How Hard Could It Be, Part 4.
(This follows parts 1, 2, and 3.)Okay, where do we stand? Our current implementation uses some basic statistics to try to separate the background of an image from the foreground. It accomplishes this by looking at each pixel individually, and deciding whether or not the pixel has changed enough that it couldn't have happened due to noise in the image. Such an approach looks like this:
Current approach
Really, it isn't bad. But what we'd like is this:
Ideal case
So there's still work to do. In particular, the current attempt introduces a lot of fuzziness: many places are mixed background and foreground pixels, oftentimes alternating back and forth across a large area. It'd be great if we could reduce that fuzz, and produce more uniform areas of background and foreground. That'd look a lot more like the ideal case.
Here's a blown-up piece of the top image:
Close-up of finger
Ideally this would be a sharply defined and completely flesh-colored fingertip, surrounded by solid blue. But how could we create that? Well, maybe it'll happen if we can just reduce the fuzziness and get some sharp edges. We might be able to do that by looking at pixels differently: not as individual cases, but in groups.
The algorithm we'll use, which I completely made up, we'll call run-length detection because it looks at a group (or "run") of fifteen* pixels all at once.
A run of pixels
Here's a strip of fifteen consecutive pixels from the zoomed-in area. What the run-length detection algorithm does is:
Starting at the top left corner of the image, look for a blue (background) pixel followed by a non-blue (foreground) pixel. Since this is potentially where the image switches from background to foreground, we'll try to reduce fuzziness in this area.
Count off the next thirteen pixels, to make a run of fifteen.
Count the number of background pixels in the run.
Count the number of foreground pixels in the run.
If there are ten or more foreground pixels, set all of the pixels in the run to foreground.
Otherwise, set all of the pixels in the run to background.
In the example above, there are nine background pixels and six non-background pixels. The algorithm will set all of these pixels to be background:
Setting all of the pixels as background
We'll apply this algorithm to runs both vertically and horizontally, in order to reduce detection fuzziness in both dimensions.
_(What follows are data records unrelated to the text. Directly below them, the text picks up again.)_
lemma (in prob_space) geometric_moments:
  fixes G :: "'a \<Rightarrow> nat" and p :: real
  assumes G[measurable]: "G \<in> measurable M (count_space UNIV)" and p: "p \<in> {0<..1}"
    and law: "\<And>g. prob {w \<in> space M. G w = g} = (1 - p) ^ g * p"
  shows "integrable M (\<lambda>w. real (G w))" and "integrable M (\<lambda>w. (real (G w))\<^sup>2)"
    and "expectation (\<lambda>w. real (G w)) = (1 - p) / p"
    and "variance (\<lambda>w. real (G w)) = (1 - p) / p\<^sup>2"
proof -
  have distr_G: "distr M (count_space UNIV) G = measure_pmf (geometric_pmf p)"
  proof (rule measure_eqI_countable[where A=UNIV])
    fix g :: nat
    have "emeasure (distr M (count_space UNIV) G) {g} = emeasure M {w \<in> space M. G w = g}"
      by (subst emeasure_distr) (auto intro!: arg_cong[where f="emeasure M"])
    also have "\<dots> = emeasure (measure_pmf (geometric_pmf p)) {g}"
      using law[of g] p by (simp add: emeasure_eq_measure emeasure_pmf_single)
    finally show "emeasure (distr M (count_space UNIV) G) {g} = emeasure (measure_pmf (geometric_pmf p)) {g}" .
  qed auto
  have int: "integrable M (\<lambda>w. f (G w))" if "integrable (geometric_pmf p) f" for f :: "nat \<Rightarrow> real"
    using that integrable_distr_eq[OF G, of f] distr_G by simp
  have exp: "expectation (\<lambda>w. f (G w)) = measure_pmf.expectation (geometric_pmf p) f" for f :: "nat \<Rightarrow> real"
    using integral_distr[OF G, of f] distr_G by simp
  show int1: "integrable M (\<lambda>w. real (G w))"
    using int integrable_real_geometric_pmf[OF p] by blast
  show int2: "integrable M (\<lambda>w. (real (G w))\<^sup>2)"
    using int[of "\<lambda>n. (real n)\<^sup>2"] second_moment_geometric_pmf(1)[OF p] by simp
  show mean: "expectation (\<lambda>w. real (G w)) = (1 - p) / p"
    using exp[of real] expectation_geometric_pmf[OF p] by simp
  have second: "expectation (\<lambda>w. (real (G w))\<^sup>2) = (1 - p) * (2 - p) / p\<^sup>2"
    using exp[of "\<lambda>n. (real n)\<^sup>2"] second_moment_geometric_pmf(2)[OF p] by simp
  have "variance (\<lambda>w. real (G w)) = (1 - p) * (2 - p) / p\<^sup>2 - ((1 - p) / p)\<^sup>2"
    unfolding variance_eq[OF int1 int2] unfolding second mean ..
  also have "\<dots> = (1 - p) / p\<^sup>2"
    using p by (simp add: field_simps power2_eq_square)
  finally show "variance (\<lambda>w. real (G w)) = (1 - p) / p\<^sup>2" .
qed

lemma (in prob_space) indep_var_affine_sum_moments:
  fixes X Y :: "'a \<Rightarrow> real"
  assumes indep: "indep_var borel X borel Y"
    and [simp]: "integrable M X" "integrable M (\<lambda>w. (X w)\<^sup>2)"
    and [simp]: "integrable M Y" "integrable M (\<lambda>w. (Y w)\<^sup>2)"
  shows "expectation (\<lambda>w. a * X w + Y w) = a * expectation X + expectation Y"
    and "variance (\<lambda>w. a * X w + Y w) = a\<^sup>2 * variance X + variance Y"
proof -
  have [simp]: "integrable M (\<lambda>w. X w * Y w)"
    and XY: "expectation (\<lambda>w. X w * Y w) = expectation X * expectation Y"
    using indep_var_integrable[OF indep] indep_var_lebesgue_integral[OF indep] by simp_all
  show mean: "expectation (\<lambda>w. a * X w + Y w) = a * expectation X + expectation Y"
    by simp
  have sq: "(\<lambda>w. (a * X w + Y w)\<^sup>2) = (\<lambda>w. a\<^sup>2 * (X w)\<^sup>2 + 2 * a * (X w * Y w) + (Y w)\<^sup>2)"
    by (simp add: power2_eq_square algebra_simps)
  have V: "variance (\<lambda>w. a * X w + Y w)
      = a\<^sup>2 * expectation (\<lambda>w. (X w)\<^sup>2) + 2 * a * expectation (\<lambda>w. X w * Y w)
        + expectation (\<lambda>w. (Y w)\<^sup>2) - (a * expectation X + expectation Y)\<^sup>2"
    by (subst variance_eq) (simp_all add: sq mean)
  have vX: "variance X = expectation (\<lambda>w. (X w)\<^sup>2) - (expectation X)\<^sup>2"
    and vY: "variance Y = expectation (\<lambda>w. (Y w)\<^sup>2) - (expectation Y)\<^sup>2"
    by (simp_all add: variance_eq)
  show "variance (\<lambda>w. a * X w + Y w) = a\<^sup>2 * variance X + variance Y"
    by (simp only: V vX vY XY) algebra
qed

lemma (in prob_space) distr_restrict_uniform_part:
  fixes X :: "'a \<Rightarrow> real"
  assumes X[measurable]: "X \<in> borel_measurable M" and "0 \<le> D"
    and law: "\<And>A. A \<in> sets borel \<Longrightarrow>
      prob (X -` (A \<inter> {0<..<T}) \<inter> space M) = D * measure lborel ({0<..<T} \<inter> A)"
  shows "distr (restrict_space M (X -` {0<..<T} \<inter> space M)) borel X
    = density lborel (\<lambda>x. D * indicator {0<..<T} x)"
    (is "distr ?R borel X = ?N")
proof (rule measure_eqI)
  show "sets (distr ?R borel X) = sets ?N" by simp
next
  fix A assume "A \<in> sets (distr ?R borel X)"
  then have A[measurable]: "A \<in> sets borel" by simp
  have X_R: "X \<in> measurable ?R borel"
    by (rule measurable_restrict_space1) (rule X)
  have finite: "emeasure lborel ({0<..<T} \<inter> A) \<noteq> \<infinity>"
  proof -
    have "emeasure lborel ({0<..<T} \<inter> A) \<le> emeasure lborel {0..T}"
      by (intro emeasure_mono) auto
    then show ?thesis by (auto simp: top_unique emeasure_lborel_Icc_eq)
  qed
  have "emeasure (distr ?R borel X) A = emeasure ?R (X -` A \<inter> space ?R)"
    by (rule emeasure_distr[OF X_R A])
  also have "\<dots> = emeasure M (X -` A \<inter> (X -` {0<..<T} \<inter> space M))"
    by (subst emeasure_restrict_space) (auto simp: space_restrict_space)
  also have "X -` A \<inter> (X -` {0<..<T} \<inter> space M) = X -` (A \<inter> {0<..<T}) \<inter> space M"
    by auto
  also have "emeasure M \<dots> = ennreal D * emeasure lborel ({0<..<T} \<inter> A)"
    using law[OF A] finite \<open>0 \<le> D\<close>
    by (simp add: emeasure_eq_measure ennreal_mult emeasure_eq_ennreal_measure)
  also have "\<dots> = emeasure ?N A"
    using \<open>0 \<le> D\<close>
    by (subst emeasure_density) (auto simp: ennreal_mult' nn_integral_cmult_indicator
        intro!: nn_integral_cong split: split_indicator simp flip: nn_integral_cmult_indicator)
  finally show "emeasure (distr ?R borel X) A = emeasure ?N A" .
qed

lemma (in prob_space) integral_atoms_uniform_law:
  fixes X :: "'a \<Rightarrow> real" and f :: "real \<Rightarrow> real"
  assumes X[measurable]: "X \<in> borel_measurable M" and "0 \<le> T" and "0 \<le> D"
    and law: "\<And>A. A \<in> sets borel \<Longrightarrow> prob (X -` A \<inter> space M)
        = a0 * indicator A 0 + D * measure lborel ({0<..<T} \<inter> A) + aK * indicator A T"
    and f_cont: "continuous_on UNIV f" and "f 0 = 0"
  shows "integrable M (\<lambda>w. f (X w))"
    and "expectation (\<lambda>w. f (X w)) = aK * f T + D * (LINT x:{0<..<T}|lborel. f x)"
proof -
  have f[measurable]: "f \<in> borel_measurable borel"
    using f_cont by (simp add: borel_measurable_continuous_onI)
  define \<Omega> where "\<Omega> = X -` {0<..<T} \<inter> space M"
  define ET where "ET = X -` {T} \<inter> space M"
  have [measurable]: "\<Omega> \<in> sets M" "ET \<in> sets M"
    unfolding \<Omega>_def ET_def by measurable
  have "{0<..<T} \<inter> - {0..T} = {}" by auto
  then have "prob (X -` (- {0..T}) \<inter> space M) = 0"
    using law[of "- {0..T}"] \<open>0 \<le> T\<close> by (simp add: indicator_def)
  then have "AE w in M. X w \<in> {0..T}"
    by (subst AE_iff_measurable[of "X -` (- {0..T}) \<inter> space M"])
      (auto simp: emeasure_eq_measure)
  then have AE_split: "AE w in M. f (X w) = f T * indicator ET w + indicator \<Omega> w *\<^sub>R f (X w)"
    using AE_space by eventually_elim (use \<open>f 0 = 0\<close> in \<open>auto simp: ET_def \<Omega>_def indicator_def\<close>)
  have distr_\<Omega>: "distr (restrict_space M \<Omega>) borel X = density lborel (\<lambda>x. D * indicator {0<..<T} x)"
    unfolding \<Omega>_def
  proof (rule distr_restrict_uniform_part[OF X \<open>0 \<le> D\<close>])
    fix A :: "real set" assume "A \<in> sets borel"
    moreover have "{0<..<T} \<inter> (A \<inter> {0<..<T}) = {0<..<T} \<inter> A" by auto
    ultimately show "prob (X -` (A \<inter> {0<..<T}) \<inter> space M) = D * measure lborel ({0<..<T} \<inter> A)"
      using law[of "A \<inter> {0<..<T}"] by (simp add: indicator_def)
  qed
  have X_\<Omega>: "X \<in> borel_measurable (restrict_space M \<Omega>)"
    by (rule measurable_restrict_space1) (rule X)
  have "set_integrable lborel {0..T} f"
    unfolding set_integrable_def
    by (rule borel_integrable_compact) (auto intro: continuous_on_subset[OF f_cont])
  then have "set_integrable lborel {0<..<T} f"
    by (rule set_integrable_subset) auto
  then have "integrable lborel (\<lambda>x. (D * indicator {0<..<T} x) *\<^sub>R f x)"
    unfolding set_integrable_def
    using integrable_mult_right[where M=lborel and f="\<lambda>x. indicator {0<..<T} x * f x" and c=D]
    by (simp add: mult.assoc)
  then have "integrable (density lborel (\<lambda>x. D * indicator {0<..<T} x)) f"
    by (subst integrable_density) (use \<open>0 \<le> D\<close> in auto)
  then have "integrable (restrict_space M \<Omega>) (\<lambda>w. f (X w))"
    using integrable_distr_eq[OF X_\<Omega> f] distr_\<Omega> by simp
  then have int_\<Omega>: "integrable M (\<lambda>w. indicator \<Omega> w *\<^sub>R f (X w))"
    using integrable_restrict_space[of \<Omega> M "\<lambda>w. f (X w)"] by simp
  have "expectation (\<lambda>w. indicator \<Omega> w *\<^sub>R f (X w)) = (\<integral>w. f (X w) \<partial>restrict_space M \<Omega>)"
    by (rule integral_restrict_space[symmetric]) simp
  also have "\<dots> = integral\<^sup>L (distr (restrict_space M \<Omega>) borel X) f"
    by (rule integral_distr[OF X_\<Omega> f, symmetric])
  also have "\<dots> = (\<integral>x. (D * indicator {0<..<T} x) *\<^sub>R f x \<partial>lborel)"
    unfolding distr_\<Omega> by (rule integral_density) (use \<open>0 \<le> D\<close> in auto)
  also have "\<dots> = D * (LINT x:{0<..<T}|lborel. f x)"
    by (simp add: set_lebesgue_integral_def mult.assoc)
  finally have integral_\<Omega>:
    "expectation (\<lambda>w. indicator \<Omega> w *\<^sub>R f (X w)) = D * (LINT x:{0<..<T}|lborel. f x)" .
  have int_ET: "integrable M (\<lambda>w. f T * indicator ET w)"
    by (intro integrable_mult_right integrable_real_indicator) (auto simp: less_top[symmetric])
  have atom_T: "f T * prob ET = aK * f T"
  proof (cases "T = 0")
    case False
    then show ?thesis using law[of "{T}"] unfolding ET_def by (simp add: indicator_def)
  qed (use \<open>f 0 = 0\<close> in simp)
  show "integrable M (\<lambda>w. f (X w))"
    by (rule integrable_cong_AE_imp[OF _ _ AE_symmetric[OF AE_split]]) (use int_ET int_\<Omega> in auto)
  have "expectation (\<lambda>w. f (X w)) = expectation (\<lambda>w. f T * indicator ET w + indicator \<Omega> w *\<^sub>R f (X w))"
    by (rule integral_cong_AE) (use AE_split in auto)
  also have "\<dots> = f T * prob ET + D * (LINT x:{0<..<T}|lborel. f x)"
    using int_ET int_\<Omega> integral_\<Omega> by simp
  finally show "expectation (\<lambda>w. f (X w)) = aK * f T + D * (LINT x:{0<..<T}|lborel. f x)"
    using atom_T by simp
qed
And, we'll also try the run-length detection inverse: instead of looking for a background pixel followed by a foreground one, look for foreground followed by background.
After doing all this, the image looks like this:
Standard deviation + run-length detection
That really worked. There's still some false positive in the lower right, where the black was so noisy that lots of foreground detection was produced, but the hand is so much more clearly defined that this algorithm still helped. It also cleaned up all of the blue showing through the arm and palm.
Things are looking pretty good: our image is getting close to the ideal case. The next thing to do is try to smooth out those sharp edges around the fingers, and try to make a more natural-looking outline around the entire limb.
* The run and threshold numbers were arrived at empirically, just by fiddling around for awhile.
posted by avixe @ 10:06 PM
2 Comments:
I am not commenting because I have nothing useful to add, but this series is interesting.
Thanks! I appreciate it.
Next part will be Monday night, btw.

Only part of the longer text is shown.